Re: [PATCH v2] mm/mempolicy: track page allocations per mempolicy
From: Huang, Ying
Date: Tue Mar 17 2026 - 02:45:16 EST
"JP Kobryn (Meta)" <jp.kobryn@xxxxxxxxx> writes:
> On 3/15/26 7:54 PM, Huang, Ying wrote:
>> "JP Kobryn (Meta)" <jp.kobryn@xxxxxxxxx> writes:
>>
>>> On 3/13/26 12:34 AM, Vlastimil Babka (SUSE) wrote:
>>>> On 3/13/26 07:14, JP Kobryn (Meta) wrote:
>>>>> On 3/12/26 10:07 PM, Huang, Ying wrote:
>>>>>> "JP Kobryn (Meta)" <jp.kobryn@xxxxxxxxx> writes:
>>>>>>
>>>>>>> On 3/12/26 6:40 AM, Vlastimil Babka (SUSE) wrote:
>>>>>>>
>>>>>>> How about I change from per-policy hit/miss/foreign triplets to a single
>>>>>>> aggregated policy triplet (i.e. just 3 new counters which account for
>>>>>>> all policies)? They would follow the same hit/miss/foreign semantics
>>>>>>> already proposed (visible in quoted text above). This would still
>>>>>>> provide the otherwise missing signal of whether policy-driven
>>>>>>> allocations to a node are intentional or fallback.
>>>>>>>
>>>>>>> Note that I am also planning on moving the stats off of the memcg so the
>>>>>>> 3 new counters will be global per-node in response to similar feedback.
>>>>>>
>>>>>> Emm, what's the difference between these newly added counters and the
>>>>>> existing numa_hit/miss/foreign counters?
>>>>>
>>>>> The existing counters don't account for node masks in the policies that
>>>>> make use of them. An allocation can land on a node in the mask and still
>>>>> be considered a miss because it wasn't the preferred node.
>>>> That sounds like we could just a new counter e.g. numa_hit_preferred
>>>> and
>>>> adjust definitions accordingly? Or some other variant that fills the gap?
>>>
>>> It's an interesting thought. Looking into these existing counters more,
>>> the in-kernel direct node allocations, which don't fall under any
>>> mempolicy, are also included in these stats. One good example might be
>>> include/linux/skbuff.h, where __dev_alloc_pages() calls
>>> alloc_pages_node_noprof(NUMA_NO_NODE, ...) which eventually reaches
>>> zone_statistics() and increments the stats.

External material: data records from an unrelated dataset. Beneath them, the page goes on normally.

(* Let $(\mathcal G_A,p^A)$ and $(\mathcal G_B,p^B)$ be CPS's on the finite set $\Omega$ (satisfying the standing assumptions), each satisfying certainty reflection and being $1$-closed. Fix an event $E$ and a state $\omega$ with $\omega\in E$. If $E$ is common certainty at $\omega$ (i.e., $\omega\in C^\infty$ computed with $q_A=q_B=1$), then $E$ is common knowledge at $\omega$ (i.e., $\omega\in K^\infty$ computed with $q_A=q_B=1$).
   Context: $\Omega$ is a finite set; every subset is an event. A CPS is a pair $(\mathcal G,p)$ where $\mathcal G$ is a family of nonempty subsets of $\Omega$ and $p$ assigns to each $G\in\mathcal G$ a probability measure $p_G$ on $\Omega$ with $p_G(G)=1$ and $p_G(E)=p_G(F)p_F(E)$ whenever $E\subseteq F\subseteq G$, $F,G\in\mathcal G$. Standing assumption: each conditioning family is closed under unions and nonempty intersections and covers $\Omega$. Atom: $m_i(\omega)=\bigcap\{G\in\mathcal G_i:\omega\in G\}$. $(\mathcal G_i,p^i)$ is $1$-closed if every $L\subseteq G$ with $G\in\mathcal G_i$ and $p^i_G(L)=1$ belongs to $\mathcal G_i$. Certainty reflection: for every event $E$, $q\in[0,1]$, $\omega$: $p^i_{m_i(\omega)}(E)=q$ implies $p^i_{m_i(\omega)}(\{\omega':p^i_{m_i(\omega')}(E)=q\})=1$. $C_i(F)=\{\omega:p^i_{m_i(\omega)}(F)=1\}$ and $K_i(F)=\{\omega: m_i(\omega)\subseteq F\}$. With $q_A=q_B=1$: $A^0=\{\omega:p^A_{m_A(\omega)}(E)=1\}$, $B^0=\{\omega:p^B_{m_B(\omega)}(E)=1\}$; $A^{n+1}=A^n\cap C_A(B^n)$, $B^{n+1}=B^n\cap C_B(A^n)$, $C^\infty=\bigcap_nA^n\cap\bigcap_nB^n$; and $A^{K,0}=A^0$, $B^{K,0}=B^0$, $A^{K,n+1}=A^{K,n}\cap K_A(B^{K,n})$, $B^{K,n+1}=B^{K,n}\cap K_B(A^{K,n})$, $K^\infty=\bigcap_nA^{K,n}\cap\bigcap_nB^{K,n}$. *)

theory Defs
  imports "HOL-Probability.Probability"
begin

text \<open>The finite state space \<Omega> is the universe of a finite type 'w; every subset is an event.
  A probability measure on \<Omega> is a pmf; p G is the measure p_G.\<close>

definition cprob :: "('w set \<Rightarrow> 'w pmf) \<Rightarrow> 'w set \<Rightarrow> 'w set \<Rightarrow> real" where
  "cprob p G E = measure_pmf.prob (p G) E"

definition is_cps :: "'w set set \<Rightarrow> ('w set \<Rightarrow> 'w pmf) \<Rightarrow> bool" where
  "is_cps \<G> p \<longleftrightarrow>
     (\<forall>G\<in>\<G>. G \<noteq> {}) \<and>
     (\<forall>G\<in>\<G>. cprob p G G = 1) \<and>
     (\<forall>E F G. E \<subseteq> F \<longrightarrow> F \<subseteq> G \<longrightarrow> F \<in> \<G> \<longrightarrow> G \<in> \<G> \<longrightarrow>
        cprob p G E = cprob p G F * cprob p F E)"

text \<open>Standing assumption: closed under unions and nonempty intersections, covers \<Omega>
  (binary closure suffices since \<Omega> is finite).\<close>
definition standing :: "'w set set \<Rightarrow> bool" where
  "standing \<G> \<longleftrightarrow>
     (\<forall>F\<in>\<G>. \<forall>G\<in>\<G>. F \<union> G \<in> \<G>) \<and>
     (\<forall>F\<in>\<G>. \<forall>G\<in>\<G>. F \<inter> G \<noteq> {} \<longrightarrow> F \<inter> G \<in> \<G>) \<and>
     \<Union>\<G> = UNIV"

definition atom :: "'w set set \<Rightarrow> 'w \<Rightarrow> 'w set" where
  "atom \<G> \<omega> = \<Inter>{G\<in>\<G>. \<omega> \<in> G}"

definition one_closed :: "'w set set \<Rightarrow> ('w set \<Rightarrow> 'w pmf) \<Rightarrow> bool" where
  "one_closed \<G> p \<longleftrightarrow> (\<forall>G\<in>\<G>. \<forall>L. L \<subseteq> G \<longrightarrow> cprob p G L = 1 \<longrightarrow> L \<in> \<G>)"

definition certainty_reflection :: "'w set set \<Rightarrow> ('w set \<Rightarrow> 'w pmf) \<Rightarrow> bool" where
  "certainty_reflection \<G> p \<longleftrightarrow>
     (\<forall>E q \<omega>. 0 \<le> q \<longrightarrow> q \<le> 1 \<longrightarrow> cprob p (atom \<G> \<omega>) E = q \<longrightarrow>
        cprob p (atom \<G> \<omega>) {\<omega>'. cprob p (atom \<G> \<omega>') E = q} = 1)"

definition Cert :: "'w set set \<Rightarrow> ('w set \<Rightarrow> 'w pmf) \<Rightarrow> 'w set \<Rightarrow> 'w set" where
  "Cert \<G> p F = {\<omega>. cprob p (atom \<G> \<omega>) F = 1}"

definition Know :: "'w set set \<Rightarrow> 'w set \<Rightarrow> 'w set" where
  "Know \<G> F = {\<omega>. atom \<G> \<omega> \<subseteq> F}"

primrec iter :: "('w set \<Rightarrow> 'w set) \<Rightarrow> ('w set \<Rightarrow> 'w set) \<Rightarrow> 'w set \<Rightarrow> 'w set \<Rightarrow> nat \<Rightarrow> 'w set \<times> 'w set" where
  "iter OpA OpB A0 B0 0 = (A0, B0)"
| "iter OpA OpB A0 B0 (Suc n) =
     (fst (iter OpA OpB A0 B0 n) \<inter> OpA (snd (iter OpA OpB A0 B0 n)),
      snd (iter OpA OpB A0 B0 n) \<inter> OpB (fst (iter OpA OpB A0 B0 n)))"

definition limit_set :: "('w set \<Rightarrow> 'w set) \<Rightarrow> ('w set \<Rightarrow> 'w set) \<Rightarrow> 'w set \<Rightarrow> 'w set \<Rightarrow> 'w set" where
  "limit_set OpA OpB A0 B0 =
     (\<Inter>n. fst (iter OpA OpB A0 B0 n)) \<inter> (\<Inter>n. snd (iter OpA OpB A0 B0 n))"

definition C_inf :: "'w set set \<Rightarrow> ('w set \<Rightarrow> 'w pmf) \<Rightarrow> 'w set set \<Rightarrow> ('w set \<Rightarrow> 'w pmf) \<Rightarrow> 'w set \<Rightarrow> 'w set" where
  "C_inf GA pA GB pB E =
     limit_set (Cert GA pA) (Cert GB pB) (Cert GA pA E) (Cert GB pB E)"

definition K_inf :: "'w set set \<Rightarrow> ('w set \<Rightarrow> 'w pmf) \<Rightarrow> 'w set set \<Rightarrow> ('w set \<Rightarrow> 'w pmf) \<Rightarrow> 'w set \<Rightarrow> 'w set" where
  "K_inf GA pA GB pB E =
     limit_set (Know GA) (Know GB) (Cert GA pA E) (Cert GB pB E)"

end

theory Submission
  imports Defs
begin

text \<open>With 1-closedness, being certain of a true event amounts to knowing it: if \<omega> \<in> F and
  p_{m(\<omega>)}(F) = 1, then m(\<omega>) \<inter> F has conditional probability 1 given the atom m(\<omega>), so it is
  a conditioning event containing \<omega> and therefore contains m(\<omega>).
  Certainty reflection makes every A^n self-certain (A^n \<subseteq> C_A(A^n)), and similarly for B^n.
  Hence at a state of Z = E \<inter> C^\<infinity> agent A is certain of E, of every A^n and (as the state
  lies in A^{n+1}) of every B^n, all of which are true there; so the A-atom of the state
  lies in Z, and likewise for B. A set contained in A^0 \<inter> B^0 that contains the atoms of
  both agents at each of its states is contained in every step of the knowledge iteration.\<close>

lemma cprob_Int_eq_1:
  "cprob p G A = 1 \<Longrightarrow> cprob p G B = 1 \<Longrightarrow> cprob p G (A \<inter> B) = 1"
  unfolding cprob_def by (simp add: measure_pmf.measure_space_inter)

lemma standing_Inter_mem:
  assumes "standing \<G>" and "finite S" "S \<noteq> {}" "S \<subseteq> \<G>" "\<forall>G\<in>S. y \<in> G"
  shows "\<Inter>S \<in> \<G>"
  using assms(2-5)
proof (induction S rule: finite_ne_induct)
  case (singleton G)
  then show ?case by simp
next
  case (insert G S)
  then have "\<Inter>S \<in> \<G>" "G \<in> \<G>" "G \<inter> \<Inter>S \<noteq> {}" by auto
  with \<open>standing \<G>\<close> show ?case
    unfolding standing_def by simp
qed

lemma mem_atom: "y \<in> atom \<G> y"
  unfolding atom_def by auto

lemma atom_subset: "G \<in> \<G> \<Longrightarrow> y \<in> G \<Longrightarrow> atom \<G> y \<subseteq> G"
  unfolding atom_def by auto

lemma atom_mem:
  fixes \<G> :: "'w::finite set set"
  assumes "standing \<G>"
  shows "atom \<G> y \<in> \<G>"
proof -
  have "y \<in> \<Union>\<G>"
    using assms unfolding standing_def by auto
  then show ?thesis
    unfolding atom_def by (intro standing_Inter_mem[OF assms]) auto
qed

lemma Int_Cert_subset_Know:
  fixes \<G> :: "'w::finite set set"
  assumes "is_cps \<G> p" "standing \<G>" "one_closed \<G> p"
  shows "F \<inter> Cert \<G> p F \<subseteq> Know \<G> F"
proof
  fix y
  assume y: "y \<in> F \<inter> Cert \<G> p F"
  have atom: "atom \<G> y \<in> \<G>"
    using atom_mem[OF assms(2)] .
  then have "cprob p (atom \<G> y) (atom \<G> y) = 1"
    using assms(1) unfolding is_cps_def by simp
  moreover have "cprob p (atom \<G> y) F = 1"
    using y unfolding Cert_def by simp
  ultimately have "cprob p (atom \<G> y) (atom \<G> y \<inter> F) = 1"
    by (rule cprob_Int_eq_1)
  with atom assms(3) have "atom \<G> y \<inter> F \<in> \<G>"
    unfolding one_closed_def by blast
  moreover have "y \<in> atom \<G> y \<inter> F"
    using y mem_atom by simp
  ultimately have "atom \<G> y \<subseteq> atom \<G> y \<inter> F"
    by (rule atom_subset)
  then show "y \<in> Know \<G> F"
    unfolding Know_def by auto
qed

lemma mono_Know: "mono (Know \<G>)"
  unfolding Know_def by (rule monoI) auto

lemma Cert_Int_subset: "Cert \<G> p X \<inter> Cert \<G> p Y \<subseteq> Cert \<G> p (X \<inter> Y)"
  unfolding Cert_def using cprob_Int_eq_1 by blast

lemma Cert_subset_Cert_Cert:
  "certainty_reflection \<G> p \<Longrightarrow> Cert \<G> p X \<subseteq> Cert \<G> p (Cert \<G> p X)"
  unfolding certainty_reflection_def Cert_def by auto

lemma Int_Cert_subset_Cert_Int_Cert:
  assumes "certainty_reflection \<G> p" and "X \<subseteq> Cert \<G> p X"
  shows "X \<inter> Cert \<G> p Y \<subseteq> Cert \<G> p (X \<inter> Cert \<G> p Y)"
proof -
  have "X \<inter> Cert \<G> p Y \<subseteq> Cert \<G> p X \<inter> Cert \<G> p (Cert \<G> p Y)"
    using assms Cert_subset_Cert_Cert by blast
  also have "\<dots> \<subseteq> Cert \<G> p (X \<inter> Cert \<G> p Y)"
    by (rule Cert_Int_subset)
  finally show ?thesis .
qed

lemma iter_swap: "iter OpB OpA B0 A0 n = prod.swap (iter OpA OpB A0 B0 n)"
  by (induction n) simp_all

lemma limit_set_swap: "limit_set OpB OpA B0 A0 = limit_set OpA OpB A0 B0"
  unfolding limit_set_def iter_swap[of OpB OpA B0 A0] by auto

lemma mem_limit_set_iff:
  "y \<in> limit_set OpA OpB A0 B0 \<longleftrightarrow>
     (\<forall>n. y \<in> fst (iter OpA OpB A0 B0 n) \<and> y \<in> snd (iter OpA OpB A0 B0 n))"
  unfolding limit_set_def by auto

lemma limit_set_subset_init: "limit_set OpA OpB A0 B0 \<subseteq> A0 \<inter> B0"
proof -
  have "limit_set OpA OpB A0 B0 \<subseteq> fst (iter OpA OpB A0 B0 0) \<inter> snd (iter OpA OpB A0 B0 0)"
    unfolding limit_set_def by blast
  then show ?thesis by simp
qed

lemma subset_limit_set:
  assumes "mono OpA" "mono OpB" "Z \<subseteq> A0" "Z \<subseteq> B0" "Z \<subseteq> OpA Z" "Z \<subseteq> OpB Z"
  shows "Z \<subseteq> limit_set OpA OpB A0 B0"
proof -
  have "Z \<subseteq> fst (iter OpA OpB A0 B0 n) \<and> Z \<subseteq> snd (iter OpA OpB A0 B0 n)" for n
  proof (induction n)
    case 0
    then show ?case using assms(3,4) by simp
  next
    case (Suc n)
    then have "Z \<subseteq> OpA (snd (iter OpA OpB A0 B0 n))" "Z \<subseteq> OpB (fst (iter OpA OpB A0 B0 n))"
      using assms(1,2,5,6) by (meson monoD order_trans)+
    with Suc show ?case by simp
  qed
  then show ?thesis
    unfolding limit_set_def by blast
qed

lemma iter_Cert_self_certain:
  assumes "certainty_reflection \<G> p"
  shows "fst (iter (Cert \<G> p) OpB (Cert \<G> p E) B0 n)
           \<subseteq> Cert \<G> p (fst (iter (Cert \<G> p) OpB (Cert \<G> p E) B0 n))"
proof (induction n)
  case 0
  then show ?case using Cert_subset_Cert_Cert[OF assms] by simp
next
  case (Suc n)
  then show ?case using Int_Cert_subset_Cert_Int_Cert[OF assms] by simp
qed

lemma Int_limit_set_Cert_subset_Know:
  fixes \<G> :: "'w::finite set set" and E B0 :: "'w set" and OpB :: "'w set \<Rightarrow> 'w set"
  assumes "is_cps \<G> p" "standing \<G>" "one_closed \<G> p" "certainty_reflection \<G> p"
  defines "Z \<equiv> E \<inter> limit_set (Cert \<G> p) OpB (Cert \<G> p E) B0"
  shows "Z \<subseteq> Know \<G> Z"
proof
  let ?A = "\<lambda>n. fst (iter (Cert \<G> p) OpB (Cert \<G> p E) B0 n)"
  let ?B = "\<lambda>n. snd (iter (Cert \<G> p) OpB (Cert \<G> p E) B0 n)"
  have known: "atom \<G> y \<subseteq> F" if "y \<in> F" "y \<in> Cert \<G> p F" for y F
    using Int_Cert_subset_Know[OF assms(1-3)] that unfolding Know_def by blast
  fix y
  assume "y \<in> Z"
  then have y: "y \<in> E" "y \<in> ?A n" "y \<in> ?B n" for n
    by (simp_all add: Z_def mem_limit_set_iff)
  have "atom \<G> y \<subseteq> E"
    using known y(1) y(2)[of 0] by simp
  moreover have "atom \<G> y \<subseteq> ?A n" for n
    using known y(2) iter_Cert_self_certain[OF assms(4)] by (meson subsetD)
  moreover have "atom \<G> y \<subseteq> ?B n" for n
    using known[of y "?B n"] y(3) y(2)[of "Suc n"] by simp
  ultimately have "atom \<G> y \<subseteq> Z"
    unfolding Z_def limit_set_def by blast
  then show "y \<in> Know \<G> Z"
    unfolding Know_def by simp
qed

theorem theorem4:
  fixes GA GB :: "'w::finite set set"
    and pA pB :: "'w set \<Rightarrow> 'w pmf"
    and E :: "'w set" and \<omega> :: 'w
  assumes "is_cps GA pA" and "standing GA"
    and "certainty_reflection GA pA" and "one_closed GA pA"
    and "is_cps GB pB" and "standing GB"
    and "certainty_reflection GB pB" and "one_closed GB pB"
    and "\<omega> \<in> E"
    and "\<omega> \<in> C_inf GA pA GB pB E"
  shows "\<omega> \<in> K_inf GA pA GB pB E"
proof -
  define Z where "Z = E \<inter> C_inf GA pA GB pB E"
  have "Z \<subseteq> Know GA Z"
    using Int_limit_set_Cert_subset_Know[OF assms(1,2,4,3)] unfolding Z_def C_inf_def .
  moreover have "Z \<subseteq> Know GB Z"
    using Int_limit_set_Cert_subset_Know[OF assms(5,6,8,7)]
    unfolding Z_def C_inf_def limit_set_swap[of "Cert GB pB"] .
  moreover have "Z \<subseteq> Cert GA pA E" "Z \<subseteq> Cert GB pB E"
    using limit_set_subset_init[of "Cert GA pA" "Cert GB pB" "Cert GA pA E" "Cert GB pB E"]
    unfolding Z_def C_inf_def by blast+
  ultimately have "Z \<subseteq> K_inf GA pA GB pB E"
    unfolding K_inf_def by (intro subset_limit_set mono_Know)
  moreover have "\<omega> \<in> Z"
    using assms(9,10) by (simp add: Z_def)
  ultimately show ?thesis by blast
qed

end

>> IIUC, the default memory policy is used here, that is, MPOL_LOCAL.
>
> I'm not seeing that. zone_statistics() is eventually reached.
> alloc_pages_mpol() is not.
Yes. The page isn't allocated through alloc_pages_mpol(). For example,
if we want to allocate pages for the kernel instead of user space
applications. However, IMHO, the equivalent memory policy is
MPOL_LOCAL, that is, allocate from local node firstly, then fallback to
other nodes. I don't think that alloc_pages_mpol() is so special.
---
Best Regards,
Huang, Ying